» **What you need to do**
From the data underneath, reproduce exactly the stretch that begins at the line with "Context: A graphon" and ends after the line with "h y \<partial>M\<bar>".

[[ Data for this task, beginning ]]

(* Let $w>1$ and assume $\alpha_2-\alpha_1\ge\frac{16}{\sqrt{\ln w}}$. Let $s_0\in[\frac34,1)$ and suppose the solution of the guided probability flow ODE satisfies $\tilde x(s)\ge\frac{\alpha_1+\alpha_2}{2}$ for all $s\in[s_0,1]$. Define $$s_1=\max\Bigl(1-\frac{16(1-s_0)^5}{\bigl(1-2(1-s_0)\bigr)^4\bigl(\tilde x(s_0)-\alpha_2\bigr)^4},\ s_0\Bigr)$$ (with $s_1=s_0$ if $\tilde x(s_0)=\alpha_2$). Then for every $s\in[s_1,1]$, $$\tilde x(s)\le\alpha_2\Bigl(1+4(1-s_0)\Bigl(1+\frac{\alpha_2w}{\alpha_1^2}\Bigr)\Bigr).$$
   Context: Let $0<\alpha_1<\alpha_2$ and $\beta\ge1$. Let $p^{(1)}$ and $p^{(-1)}$ be probability densities on $\mathbb R$ supported on $[\alpha_1,\alpha_2]$ and $[-\alpha_2,-\alpha_1]$ respectively, which are $\beta$-bounded with respect to each other: $\frac1\beta\le \frac{p^{(-1)}(x_1)}{p^{(1)}(x_2)}\le\beta$ for all $x_1\in(-\alpha_2,-\alpha_1)$, $x_2\in(\alpha_1,\alpha_2)$. Let $p=\frac12p^{(1)}+\frac12p^{(-1)}$, and let $(X_0,z)$ be jointly distributed with $z$ uniform on $\{\pm1\}$ and $X_0\mid z\sim p^{(z)}$. Fix $T>0$; for $t\in[0,T]$ put $a_t=e^{t-T}$, $b_t=\sqrt{1-a_t^2}$, and $X_t=a_tX_0+\xi_t$ with $\xi_t\sim\mathcal N(0,b_t^2)$ independent of $(X_0,z)$. Let $p_t$ denote the density of $X_t$ and $p_t(\cdot\mid z=\pm1)$ the conditional density of $X_t$ given $z=\pm1$. For a guidance parameter $w\ge0$, the guided probability flow ODE is $x'(t)=x(t)+(w+1)\nabla\log p_t(x(t)\mid z=1)-w\nabla\log p_t(x(t))$, $t\in[0,T)$, and $\tilde x(1)=\lim_{t\to T}x(t)$. Time is reparametrized by $s=a_t=e^{t-T}\in[e^{-T},1]$, $\tilde x(s)=x(T+\ln s)$. *)

theory Defs
  imports "HOL-Probability.Probability"
begin

definition sched_a :: "real \<Rightarrow> real \<Rightarrow> real" where
  "sched_a T t = exp (t - T)"

definition sched_b :: "real \<Rightarrow> real \<Rightarrow> real" where
  "sched_b T t = sqrt (1 - (sched_a T t)\<^sup>2)"

definition is_pdf :: "(real \<Rightarrow> real) \<Rightarrow> bool" where
  "is_pdf p \<longleftrightarrow> (\<forall>x. 0 \<le> p x) \<and> p \<in> borel_measurable borel \<and>
     integrable lborel p \<and> (LINT x|lborel. p x) = 1"

text \<open>Density of X_t = a_t X_0 + xi_t with X_0 ~ q and xi_t ~ N(0, b_t^2) independent.\<close>
definition noised_density :: "real \<Rightarrow> (real \<Rightarrow> real) \<Rightarrow> real \<Rightarrow> real \<Rightarrow> real" where
  "noised_density T q t x = (LINT y|lborel. q y * normal_density (sched_a T t * y) (sched_b T t) x)"

definition mix_density :: "real \<Rightarrow> (real \<Rightarrow> real) \<Rightarrow> (real \<Rightarrow> real) \<Rightarrow> real \<Rightarrow> real \<Rightarrow> real" where
  "mix_density T p1 pm1 t x = 1/2 * noised_density T p1 t x + 1/2 * noised_density T pm1 t x"

definition score :: "(real \<Rightarrow> real) \<Rightarrow> real \<Rightarrow> real" where
  "score f x = deriv (\<lambda>y. ln (f y)) x"

definition guided_field :: "real \<Rightarrow> (real \<Rightarrow> real) \<Rightarrow> (real \<Rightarrow> real) \<Rightarrow> real \<Rightarrow> real \<Rightarrow> real \<Rightarrow> real" where
  "guided_field T p1 pm1 w t x =
     x + (w + 1) * score (noised_density T p1 t) x - w * score (mix_density T p1 pm1 t) x"

end

theory Submission
  imports Defs
begin

text \<open>In the time \<open>s = a\<^sub>t\<close>, with \<open>X s = x (T + ln s)\<close>, the guided drift is controlled by the
  supports: the score of the noised \<open>p(1)\<close> is at most \<open>(s \<alpha>2 - X) / (1 - s\<^sup>2)\<close>, that of the noised
  \<open>p(-1)\<close> is at least \<open>- (s \<alpha>2 + X) / (1 - s\<^sup>2)\<close>, and the relative weight of \<open>p(-1)\<close> in the
  mixture is at most \<open>exp (- 2 s \<alpha>1 X / (1 - s\<^sup>2))\<close>. Above the barrier
  \<open>V = \<alpha>2 (1 + 4 (1 - s0) (1 + \<alpha>2 w / \<alpha>1\<^sup>2))\<close> the exponential term is negligible and
  \<open>X' (1 - s\<^sup>2) \<le> s (V - X) - c\<close> with \<open>c = 2 (1 - s0) \<alpha>2\<close>. Hence \<open>X\<close> never crosses \<open>V\<close> upwards,
  and while \<open>X \<ge> V\<close> the quantity \<open>(X - V + c s) / sqrt (1 - s\<^sup>2)\<close> does not increase. The time
  \<open>s1\<close> is chosen so that this quantity, started at \<open>s0\<close>, is at most \<open>c s1 / sqrt (1 - s1\<^sup>2)\<close> at
  \<open>s1\<close>; this forces \<open>X s1 \<le> V\<close>.\<close>

section \<open>Weighted integrals and differentiation under the integral\<close>

lemma integrable_mult_bounded:
  fixes q h :: "'a \<Rightarrow> real"
  assumes "integrable M q" and "h \<in> borel_measurable M" and "\<And>y. \<bar>h y\<bar> \<le> C"
  shows "integrable M (\<lambda>y. q y * h y)"
proof (rule Bochner_Integration.integrable_bound)
  show "integrable M (\<lambda>y. \<bar>q y\<bar> * C)"
    using assms(1) by (intro integrable_mult_left integrable_abs)
  show "AE y in M. norm (q y * h y) \<le> norm (\<bar>q y\<bar> * C)"
    by (intro AE_I2) (simp add: abs_mult mult_left_mono[OF order_trans[OF assms(3) abs_ge_self]])
qed (use assms in auto)
lemma coprime_mult_left_field_poly:
  fixes a b c :: "'k::field poly"
  assumes "coprime a c" "coprime b c"
  shows "coprime (a * b) c"
proof -
  obtain u v where 1: "u * a + v * c = 1" using coprime_imp_bezout_field_poly[OF assms(1)] .
  obtain u' v' where 2: "u' * b + v' * c = 1" using coprime_imp_bezout_field_poly[OF assms(2)] .
  have "(u * a) * (u' * b) = (1 - v * c) * (1 - v' * c)"
    using 1 2 by (metis add_diff_cancel_right')
  then have "(u * u') * (a * b) + (v + v' - v * v' * c) * c = 1"
    by (simp add: algebra_simps)
  then show ?thesis by (rule bezout_imp_coprime)
qed

lemma coprime_mult_right_field_poly:
  fixes a b c :: "'k::field poly"
  assumes "coprime a b" "coprime a c"
  shows "coprime a (b * c)"
  using coprime_mult_left_field_poly assms coprime_commute by metis

lemma coprime_pcompose:
  fixes a b q :: "'k::field poly"
  assumes "coprime a b"
  shows "coprime (pcompose a q) (pcompose b q)"
proof -
  obtain u v where "u * a + v * b = 1" using coprime_imp_bezout_field_poly[OF assms] .
  then have "pcompose (u * a + v * b) q = 1" by (simp add: pcompose_1)
  then have "pcompose u q * pcompose a q + pcompose v q * pcompose b q = 1"
    by (simp add: pcompose_add pcompose_mult)
  then show ?thesis by (rule bezout_imp_coprime)
qed

lemma coprime_monom_if_poly_0_nonzero:
  fixes q :: "'k::field poly"
  assumes "poly q 0 \<noteq> 0"
  shows "coprime (monom 1 r) q"
proof -
  have "coprime [:0, 1:] q"
  proof (rule coprimeI)
    fix d assume "d dvd [:0, 1:]" "d dvd q"
    have "\<not> [:0, 1:] dvd q" using assms poly_eq_0_iff_dvd[of q 0] by simp
    then show "is_unit d"
      using irreducibleD'[OF irreducible_linear_field_poly \<open>d dvd [:0, 1:]\<close>] \<open>d dvd q\<close>
      by (auto intro: dvd_trans)
  qed
  then have "coprime ([:0, 1:] ^ r) q"
  proof (induction r)
    case (Suc r)
    then show ?case using coprime_mult_left_field_poly[OF \<open>coprime [:0, 1:] q\<close>] by simp
  qed simp
  then show ?thesis by (simp add: monom_altdef)
qed
(* Let $J$ be a probability space, $(W^{(n)})_n$ a sequence of graphons on $J$ and $W$ a graphon on $J$ with $\|W^{(n)}-W\|_{\infty\to1}\to0$. Let $u^{(n)}(0)\in L^1(J)$ converge to $u(0)\in L^1(J)$ in $L^1$. Let $u^{(n)}(t)$ and $u(t)$ be the solutions of the Kuramoto graphon systems $\dot u_x=\int_J W^{(n)}(x,y)\sin(u_y-u_x)\,d\mu(y)$ and $\dot u_x=\int_J W(x,y)\sin(u_y-u_x)\,d\mu(y)$ with these initial conditions. Then for every $t\in\mathbb{R}$, $\lim_{n\to\infty}\|u^{(n)}(t)-u(t)\|_1=0$, and the convergence is uniform in $t$ on every compact interval $[-T,T]$.
   Context: A graphon on $J=(\Omega,\mathcal A,\mu)$ is a symmetric measurable function $\Omega\times\Omega\to[0,1]$. $\|K\|_{\infty\to1}=\sup_{\|h\|_{L^\infty}\le1}\int_J\big|\int_J K(x,y)h(y)\,d\mu(y)\big|\,d\mu(x)$. *)

theory Defs
  imports "HOL-Probability.Probability"
begin

definition graphon :: "'a measure \<Rightarrow> ('a \<Rightarrow> 'a \<Rightarrow> real) \<Rightarrow> bool" where
  "graphon M W \<longleftrightarrow>
     (\<lambda>(x, y). W x y) \<in> borel_measurable (M \<Otimes>\<^sub>M M) \<and>
     (\<forall>x\<in>space M. \<forall>y\<in>space M. W x y = W y x) \<and>
     (\<forall>x\<in>space M. \<forall>y\<in>space M. 0 \<le> W x y \<and> W x y \<le> 1)"

definition norm_inf_1 :: "'a measure \<Rightarrow> ('a \<Rightarrow> 'a \<Rightarrow> real) \<Rightarrow> real" where
  "norm_inf_1 M K =
     (SUP h\<in>{h. h \<in> borel_measurable M \<and> (AE y in M. \<bar>h y\<bar> \<le> 1)}.
        \<integral>x. \<bar>\<integral>y. K x y * h y \<partial>M\<bar> \<partial>M)"

definition l1_dist :: "'a measure \<Rightarrow> ('a \<Rightarrow> real) \<Rightarrow> ('a \<Rightarrow> real) \<Rightarrow> real" where
  "l1_dist M f g = (\<integral>x. \<bar>f x - g x\<bar> \<partial>M)"

definition kuramoto_rhs :: "'a measure \<Rightarrow> ('a \<Rightarrow> 'a \<Rightarrow> real) \<Rightarrow> ('a \<Rightarrow> real) \<Rightarrow> 'a \<Rightarrow> real" where
  "kuramoto_rhs M W v x = (\<integral>y. W x y * sin (v y - v x) \<partial>M)"

text \<open>u is a solution (a differentiable curve t maps to u t in L1(J), defined for all
  real t) of the Kuramoto graphon system with kernel W and initial condition u0.\<close>
definition kuramoto_solution ::
  "'a measure \<Rightarrow> ('a \<Rightarrow> 'a \<Rightarrow> real) \<Rightarrow> ('a \<Rightarrow> real) \<Rightarrow> (real \<Rightarrow> 'a \<Rightarrow> real) \<Rightarrow> bool" where
  "kuramoto_solution M W u0 u \<longleftrightarrow>
     (\<forall>t. integrable M (u t)) \<and>
     (AE x in M. u 0 x = u0 x) \<and>
     (\<forall>t. ((\<lambda>h. l1_dist M (\<lambda>x. (u (t + h) x - u t x) / h) (kuramoto_rhs M W (u t)))
            \<longlongrightarrow> 0) (at 0))"

end

theory Submission
  imports Defs
begin

text \<open>The L1 distance e(t) between two solutions need not be differentiable, but the
  difference quotients of both solutions converge in L1 to the respective right-hand sides.
  The right-hand side is 2-Lipschitz in the state (sin is 1-Lipschitz and the kernel is
  bounded by 1), and changing the kernel moves it by at most twice the L-infinity to L1
  norm of the difference. Hence f = e + \<delta>, with \<delta> that norm, satisfies
  |f(t+h) - f(t)| \<le> |h| (2 f(t) + \<epsilon>) for small h, and a derivative-free Gronwall
  argument gives e(t) \<le> (e(0) + \<delta>) exp(3|t|). Along the sequence both e(0) and \<delta>
  tend to zero, which gives convergence uniformly for |t| \<le> T.\<close>

lemma isCont_if_eventually_diff_le:
  fixes f :: "real \<Rightarrow> real"
  assumes "\<forall>\<^sub>F h in at 0. \<bar>f (t + h) - f t\<bar> \<le> \<bar>h\<bar> * C"
  shows "isCont f t"
proof -
  have "\<forall>\<^sub>F h in at 0. norm (f (t + h) - f t) \<le> \<bar>h\<bar> * C"
    using assms by simp
  moreover have "((\<lambda>h. \<bar>h\<bar> * C) \<longlongrightarrow> 0) (at 0)"
    using tendsto_mult_left_zero[OF tendsto_rabs_zero[OF tendsto_ident_at]] .
  ultimately have "((\<lambda>h. f (t + h) - f t) \<longlongrightarrow> 0) (at 0)"
    by (rule Lim_null_comparison)
  then show ?thesis
    unfolding isCont_iff by (simp add: LIM_zero_iff)
qed

lemma eventually_exp_neg_less_linear:
  fixes c L :: real
  assumes "c < L"
  shows "\<forall>\<^sub>F h in at_right 0. exp (- L * h) < 1 - c * h"
proof -
  have "((\<lambda>h. exp (- L * h)) has_real_derivative - L) (at 0)"
    by (auto intro!: derivative_eq_intros)
  then have "((\<lambda>h. (exp (- L * h) - 1) / h) \<longlongrightarrow> - L) (at 0)"
    by (simp add: has_field_derivative_iff)
  then have "((\<lambda>h. (exp (- L * h) - 1) / h) \<longlongrightarrow> - L) (at_right 0)"
    by (rule tendsto_mono[OF at_le[OF subset_UNIV]])
  moreover have "- L < - c" using assms by simp
  ultimately have "\<forall>\<^sub>F h in at_right 0. (exp (- L * h) - 1) / h < - c"
    by (rule order_tendstoD)
  with eventually_at_right_less[of "0::real"] show ?thesis
    by eventually_elim (simp add: field_simps)
qed
(* Let $d\ge2$, $N\ge1$, and $\beta=0$ (infinite temperature). Let $\mathbf p$ be a probability vector on $d$ levels and $\Pi$ a $d\times d$ permutation matrix, written as a product of transposition matrices $\Pi=\Pi_{i_mj_m}\Pi_{i_{m-1}j_{m-1}}\cdots\Pi_{i_1j_1}$ which is a decomposition into neighbour transpositions with respect to $\mathbf p$ (as defined in the context). Let $\mathcal P^{\Pi}=\mathcal P^{(i_mj_m)}\circ\cdots\circ\mathcal P^{(i_1j_1)}$. Then $$\mathcal P^{\Pi}(\mathbf p\otimes\boldsymbol\eta_M)=\mathbf q\otimes\boldsymbol\eta_M,\qquad \mathbf q=\big(\Pi+\epsilon\,\boldsymbol\Delta\big)\mathbf p+o\big(N^{-1/2}\big)\xrightarrow{N\to\infty}\Pi\mathbf p,$$ with $\epsilon=(\pi N)^{-1/2}$ and $$\boldsymbol\Delta=\sum_{l=1}^{m}\Big(\Pi_{i_mj_m}\cdots\Pi_{i_{l+1}j_{l+1}}\Big)\big(\mathbb 1-\Pi_{i_lj_l}\big)\Big(\Pi_{i_{l-1}j_{l-1}}\cdots\Pi_{i_1j_1}\Big)$$ (empty products being the identity).
   Context: Setting: a $d$-level system with energies $E_1,\dots,E_d$; at $\beta=0$ its thermal distribution is uniform. An $N$-dimensional memory with trivial Hamiltonian has thermal state $\boldsymbol\eta_M=(1/N,\dots,1/N)$. Joint states are probability vectors $\mathbf Q$ of length $dN$, entry $(a-1)N+k$ corresponding to system level $a$ and memory level $k$; the joint thermal distribution $\Gamma=\boldsymbol\gamma\otimes\boldsymbol\eta_M$ is here uniform. $\Pi_{ij}$ denotes the permutation matrix transposing entries $i,j$. Two-level thermalisation $T_{xy}$: $Q_x\mapsto (Q_x+Q_y)\Gamma_x/(\Gamma_x+\Gamma_y)$, $Q_y\mapsto (Q_x+Q_y)\Gamma_y/(\Gamma_x+\Gamma_y)$, other entries unchanged. Round $\mathcal R^{(ij)}_k$ ($k=1,\dots,N$): apply sequentially, for $l=1,\dots,N$, $T_{(j-1)N+k,\,(i-1)N+l}$. $\widetilde{\mathcal P}^{(ij)}=\mathcal R^{(ij)}_N\circ\cdots\circ\mathcal R^{(ij)}_1$. Memory thermalisation $\mathcal T(\mathbf Q)=\mathbf q\otimes\boldsymbol\eta_M$, $q_a=\sum_{k}Q_{(a-1)N+k}$. $\mathcal P^{(ij)}=\mathcal T\circ\widetilde{\mathcal P}^{(ij)}$. $\beta$-order: for a distribution $\mathbf r$, its $\beta$-order is the permutation $\pi_{\mathbf r}$ arranging $(r_1/\gamma_1,\dots,r_d/\gamma_d)$ non-increasingly ($\pi_{\mathbf r}(a)$ is the position of $a$). A decomposition $\Pi=\Pi_{i_mj_m}\cdots\Pi_{i_1j_1}$ is into neighbour transpositions with respect to $\mathbf p$ if for each $k$ the transposition $\Pi_{i_kj_k}$ changes the $\beta$-order of $\Pi_{i_{k-1}j_{k-1}}\cdots\Pi_{i_1j_1}\mathbf p$ only by a transposition of two adjacent elements. *)

theory Defs
  imports Complex_Main
begin

text \<open>Conventions: all vectors are functions nat => real with 1-based indices.
  A system distribution is indexed by levels 1..d; a joint distribution of length d*N
  is indexed by 1..d*N, entry (a-1)*N+k corresponding to system level a, memory level k.
  Temperature beta = 0, so the system thermal distribution gamma is uniform (1/d),
  the memory thermal state eta_M is uniform (1/N), and the joint thermal state Gamma
  is uniform (1/(d*N)).\<close>

definition gamma0 :: "nat \<Rightarrow> nat \<Rightarrow> real" where
  "gamma0 d a = 1 / real d"

definition etaM :: "nat \<Rightarrow> nat \<Rightarrow> real" where
  "etaM N k = 1 / real N"

definition Gamma0 :: "nat \<Rightarrow> nat \<Rightarrow> nat \<Rightarrow> real" where
  "Gamma0 d N x = gamma0 d ((x - 1) div N + 1) * etaM N ((x - 1) mod N + 1)"

definition tensor :: "nat \<Rightarrow> nat \<Rightarrow> (nat \<Rightarrow> real) \<Rightarrow> (nat \<Rightarrow> real) \<Rightarrow> nat \<Rightarrow> real" where
  "tensor d N q e x = (if 1 \<le> x \<and> x \<le> d * N
      then q ((x - 1) div N + 1) * e ((x - 1) mod N + 1) else 0)"

definition therm2 :: "(nat \<Rightarrow> real) \<Rightarrow> nat \<Rightarrow> nat \<Rightarrow> (nat \<Rightarrow> real) \<Rightarrow> nat \<Rightarrow> real" where
  "therm2 G x y Q = Q(x := (Q x + Q y) * G x / (G x + G y),
                      y := (Q x + Q y) * G y / (G x + G y))"

definition round_ij :: "nat \<Rightarrow> nat \<Rightarrow> nat \<Rightarrow> nat \<Rightarrow> nat \<Rightarrow> (nat \<Rightarrow> real) \<Rightarrow> nat \<Rightarrow> real" where
  "round_ij d N i j k Q =
     foldl (\<lambda>Q' l. therm2 (Gamma0 d N) ((j - 1) * N + k) ((i - 1) * N + l) Q') Q [1..<Suc N]"

definition Ptilde :: "nat \<Rightarrow> nat \<Rightarrow> nat \<Rightarrow> nat \<Rightarrow> (nat \<Rightarrow> real) \<Rightarrow> nat \<Rightarrow> real" where
  "Ptilde d N i j Q = foldl (\<lambda>Q' k. round_ij d N i j k Q') Q [1..<Suc N]"

definition marg :: "nat \<Rightarrow> (nat \<Rightarrow> real) \<Rightarrow> nat \<Rightarrow> real" where
  "marg N Q a = (\<Sum>k = 1..N. Q ((a - 1) * N + k))"

definition memtherm :: "nat \<Rightarrow> nat \<Rightarrow> (nat \<Rightarrow> real) \<Rightarrow> nat \<Rightarrow> real" where
  "memtherm d N Q = tensor d N (marg N Q) (etaM N)"

definition Pij :: "nat \<Rightarrow> nat \<Rightarrow> nat \<Rightarrow> nat \<Rightarrow> (nat \<Rightarrow> real) \<Rightarrow> nat \<Rightarrow> real" where
  "Pij d N i j Q = memtherm d N (Ptilde d N i j Q)"

text \<open>For ts = [(i_1,j_1), ..., (i_m,j_m)]:
  P^Pi = P^(i_m j_m) o ... o P^(i_1 j_1) (first pair applied first).\<close>
definition PPi :: "nat \<Rightarrow> nat \<Rightarrow> (nat \<times> nat) list \<Rightarrow> (nat \<Rightarrow> real) \<Rightarrow> nat \<Rightarrow> real" where
  "PPi d N ts Q = foldl (\<lambda>Q' ij. Pij d N (fst ij) (snd ij) Q') Q ts"

definition swapv :: "nat \<Rightarrow> nat \<Rightarrow> (nat \<Rightarrow> real) \<Rightarrow> nat \<Rightarrow> real" where
  "swapv i j r a = (if a = i then r j else if a = j then r i else r a)"

text \<open>Action of Pi_{i_m j_m} ... Pi_{i_1 j_1} (first pair applied first).\<close>
definition permv :: "(nat \<times> nat) list \<Rightarrow> (nat \<Rightarrow> real) \<Rightarrow> nat \<Rightarrow> real" where
  "permv ts r = foldl (\<lambda>r' ij. swapv (fst ij) (snd ij) r') r ts"

text \<open>Delta p = sum_l (Pi_{>l}) (1 - Pi_{i_l j_l}) (Pi_{<l}) p  (0-based l here).\<close>
definition Delta_apply :: "(nat \<times> nat) list \<Rightarrow> (nat \<Rightarrow> real) \<Rightarrow> nat \<Rightarrow> real" where
  "Delta_apply ts p a = (\<Sum>l < length ts.
      permv (drop (Suc l) ts)
        (\<lambda>b. permv (take l ts) p b - swapv (fst (ts ! l)) (snd (ts ! l)) (permv (take l ts) p) b) a)"

definition prob_vec :: "nat \<Rightarrow> (nat \<Rightarrow> real) \<Rightarrow> bool" where
  "prob_vec d p \<longleftrightarrow> (\<forall>a \<in> {1..d}. 0 \<le> p a) \<and> (\<Sum>a = 1..d. p a) = 1"

text \<open>pi is a beta-order of r: a permutation of {1..d} (pi a = position of a) arranging
  (r_1/gamma_1, ..., r_d/gamma_d) non-increasingly.\<close>
definition beta_order :: "nat \<Rightarrow> (nat \<Rightarrow> real) \<Rightarrow> (nat \<Rightarrow> nat) \<Rightarrow> bool" where
  "beta_order d r \<pi> \<longleftrightarrow> bij_betw \<pi> {1..d} {1..d} \<and>
     (\<forall>a \<in> {1..d}. \<forall>b \<in> {1..d}. \<pi> a < \<pi> b \<longrightarrow> r b / gamma0 d b \<le> r a / gamma0 d a)"

definition neighbour_decomp :: "nat \<Rightarrow> (nat \<times> nat) list \<Rightarrow> (nat \<Rightarrow> real) \<Rightarrow> bool" where
  "neighbour_decomp d ts p \<longleftrightarrow>
     (\<forall>ij \<in> set ts. fst ij \<in> {1..d} \<and> snd ij \<in> {1..d} \<and> fst ij \<noteq> snd ij) \<and>
     (\<forall>k < length ts. \<exists>\<pi>. beta_order d (permv (take k ts) p) \<pi> \<and>
         (\<pi> (fst (ts ! k)) + 1 = \<pi> (snd (ts ! k)) \<or> \<pi> (snd (ts ! k)) + 1 = \<pi> (fst (ts ! k))))"

end

(*
  At infinite temperature every two-level thermalisation replaces both entries by their mean.
  Starting from p \<otimes> \<eta>_M, the k-th round of P~^(ij) averages memory cell k of level j successively
  with cells 1..N of level i, so after k rounds cell l of level i holds g(k, l), where
  g(k, l) = (g(k, l - 1) + g(k - 1, l)) / 2 with boundary values p_i / N and p_j / N; up to an
  affine change, g(k, l) is the binomial tail P(Bin(k + l - 1, 1/2) \<ge> k).  Summing the cells,
  P^(ij)(p \<otimes> \<eta>_M) = q \<otimes> \<eta>_M with q = (1 - c_N) \<Pi>_ij p + c_N p and c_N = binom(2N, N) / 4^N,
  and Gamma(1/2) = sqrt pi gives c_N = (\<pi> N)^(-1/2) + o(N^(-1/2)).  Composing these maps and
  expanding to first order in c_N yields \<Pi> p + \<epsilon> \<Delta> p.  At \<beta> = 0 only the fact that every
  transposition swaps two distinct levels is used: neither the neighbour condition nor the
  normalisation of p matters.
*)
theory Submission
  imports Defs "HOL-Analysis.Analysis" "HOL-Combinatorics.Transposition"
begin

definition central_binomial_prob :: "nat \<Rightarrow> real" where
  "central_binomial_prob N = real ((2 * N) choose N) / 4 ^ N"

lemma central_binomial_prob_pochhammer:
  "central_binomial_prob N = pochhammer (1/2) N / fact N"
proof -
  have "real ((2 * N) choose N) = fact (2 * N) / (fact N * fact N)"
    by (simp add: binomial_fact)
  also have "\<dots> = 2 ^ (2 * N) * pochhammer (1/2) N / fact N"
    by (simp add: fact_double)
  finally show ?thesis
    unfolding central_binomial_prob_def by (simp add: power_mult)
qed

[[ Data for this task, end ]]

» **Answer space**
   Context: A graphon on $J=(\Omega,\mathcal A,\mu)$ is a symmetric measurable function $\Omega\times\Omega\to[0,1]$. $\|K\|_{\infty\to1}=\sup_{\|h\|_{L^\infty}\le1}\int_J\big|\int_J K(x,y)h(y)\,d\mu(y)\big|\,d\mu(x)$. *)

theory Defs
  imports "HOL-Probability.Probability"
begin

definition graphon :: "'a measure \<Rightarrow> ('a \<Rightarrow> 'a \<Rightarrow> real) \<Rightarrow> bool" where
  "graphon M W \<longleftrightarrow>
     (\<lambda>(x, y). W x y) \<in> borel_measurable (M \<Otimes>\<^sub>M M) \<and>
     (\<forall>x\<in>space M. \<forall>y\<in>space M. W x y = W y x) \<and>
     (\<forall>x\<in>space M. \<forall>y\<in>space M. 0 \<le> W x y \<and> W x y \<le> 1)"

definition norm_inf_1 :: "'a measure \<Rightarrow> ('a \<Rightarrow> 'a \<Rightarrow> real) \<Rightarrow> real" where
  "norm_inf_1 M K =
     (SUP h\<in>{h. h \<in> borel_measurable M \<and> (AE y in M. \<bar>h y\<bar> \<le> 1)}.
        \<integral>x. \<bar>\<integral>y. K x y * h y \<partial>M\<bar> \<partial>M)"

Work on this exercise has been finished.